TASK TO CARRY OUT ▸ The response should consist of the listing, repeated word for word.
────
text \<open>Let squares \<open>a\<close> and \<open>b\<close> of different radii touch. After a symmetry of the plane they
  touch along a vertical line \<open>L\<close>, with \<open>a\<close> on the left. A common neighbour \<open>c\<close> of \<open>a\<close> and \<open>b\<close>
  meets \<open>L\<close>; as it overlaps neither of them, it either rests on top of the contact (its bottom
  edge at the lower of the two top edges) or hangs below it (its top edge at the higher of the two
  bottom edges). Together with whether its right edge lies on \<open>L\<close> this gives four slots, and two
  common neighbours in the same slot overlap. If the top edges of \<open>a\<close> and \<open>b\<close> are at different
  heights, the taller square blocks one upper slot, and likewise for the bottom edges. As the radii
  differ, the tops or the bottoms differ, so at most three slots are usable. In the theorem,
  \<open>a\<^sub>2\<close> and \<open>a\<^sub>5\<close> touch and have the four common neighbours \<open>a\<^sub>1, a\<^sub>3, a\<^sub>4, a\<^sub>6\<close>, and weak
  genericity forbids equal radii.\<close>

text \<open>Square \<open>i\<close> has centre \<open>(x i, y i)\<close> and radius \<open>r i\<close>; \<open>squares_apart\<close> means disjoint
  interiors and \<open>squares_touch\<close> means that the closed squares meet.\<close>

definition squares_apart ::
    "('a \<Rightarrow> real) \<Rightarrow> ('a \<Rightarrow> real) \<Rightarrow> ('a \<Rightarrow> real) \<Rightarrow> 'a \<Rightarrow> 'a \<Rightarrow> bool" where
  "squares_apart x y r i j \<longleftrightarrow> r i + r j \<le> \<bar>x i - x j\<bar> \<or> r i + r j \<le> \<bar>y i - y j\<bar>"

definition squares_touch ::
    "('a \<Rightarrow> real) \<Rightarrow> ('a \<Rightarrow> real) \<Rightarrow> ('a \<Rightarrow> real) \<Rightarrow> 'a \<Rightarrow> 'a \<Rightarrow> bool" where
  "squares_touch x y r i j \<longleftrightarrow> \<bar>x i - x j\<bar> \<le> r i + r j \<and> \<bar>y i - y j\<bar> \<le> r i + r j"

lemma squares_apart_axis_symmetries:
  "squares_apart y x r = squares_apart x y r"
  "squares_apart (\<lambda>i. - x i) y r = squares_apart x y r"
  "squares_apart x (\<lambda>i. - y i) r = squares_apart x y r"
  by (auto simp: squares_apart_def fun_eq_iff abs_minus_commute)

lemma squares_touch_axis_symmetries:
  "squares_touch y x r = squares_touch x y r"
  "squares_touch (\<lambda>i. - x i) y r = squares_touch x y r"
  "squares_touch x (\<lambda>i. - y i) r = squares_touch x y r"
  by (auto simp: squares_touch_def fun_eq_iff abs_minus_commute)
────
OUTPUT OF THE TASK ▸
text \<open>Let squares \<open>a\<close> and \<open>b\<close> of different radii touch. After a symmetry of the plane they
  touch along a vertical line \<open>L\<close>, with \<open>a\<close> on the left. A common neighbour \<open>c\<close> of \<open>a\<close> and \<open>b\<close>
  meets \<open>L\<close>; as it overlaps neither of them, it either rests on top of the contact (its bottom
  edge at the lower of the two top edges) or hangs below it (its top edge at the higher of the two
  bottom edges). Together with whether its right edge lies on \<open>L\<close> this gives four slots, and two
  common neighbours in the same slot overlap. If the top edges of \<open>a\<close> and \<open>b\<close> are at different
  heights, the taller square blocks one upper slot, and likewise for the bottom edges. As the radii
  differ, the tops or the bottoms differ, so at most three slots are usable. In the theorem,
  \<open>a\<^sub>2\<close> and \<open>a\<^sub>5\<close> touch and have the four common neighbours \<open>a\<^sub>1, a\<^sub>3, a\<^sub>4, a\<^sub>6\<close>, and weak
  genericity forbids equal radii.\<close>

text \<open>Square \<open>i\<close> has centre \<open>(x i, y i)\<close> and radius \<open>r i\<close>; \<open>squares_apart\<close> means disjoint
  interiors and \<open>squares_touch\<close> means that the closed squares meet.\<close>

definition squares_apart ::
    "('a \<Rightarrow> real) \<Rightarrow> ('a \<Rightarrow> real) \<Rightarrow> ('a \<Rightarrow> real) \<Rightarrow> 'a \<Rightarrow> 'a \<Rightarrow> bool" where
  "squares_apart x y r i j \<longleftrightarrow> r i + r j \<le> \<bar>x i - x j\<bar> \<or> r i + r j \<le> \<bar>y i - y j\<bar>"

definition squares_touch ::
    "('a \<Rightarrow> real) \<Rightarrow> ('a \<Rightarrow> real) \<Rightarrow> ('a \<Rightarrow> real) \<Rightarrow> 'a \<Rightarrow> 'a \<Rightarrow> bool" where
  "squares_touch x y r i j \<longleftrightarrow> \<bar>x i - x j\<bar> \<le> r i + r j \<and> \<bar>y i - y j\<bar> \<le> r i + r j"

lemma squares_apart_axis_symmetries:
  "squares_apart y x r = squares_apart x y r"
  "squares_apart (\<lambda>i. - x i) y r = squares_apart x y r"
  "squares_apart x (\<lambda>i. - y i) r = squares_apart x y r"
  by (auto simp: squares_apart_def fun_eq_iff abs_minus_commute)

lemma squares_touch_axis_symmetries:
  "squares_touch y x r = squares_touch x y r"
  "squares_touch (\<lambda>i. - x i) y r = squares_touch x y r"
  "squares_touch x (\<lambda>i. - y i) r = squares_touch x y r"
  by (auto simp: squares_touch_def fun_eq_iff abs_minus_commute)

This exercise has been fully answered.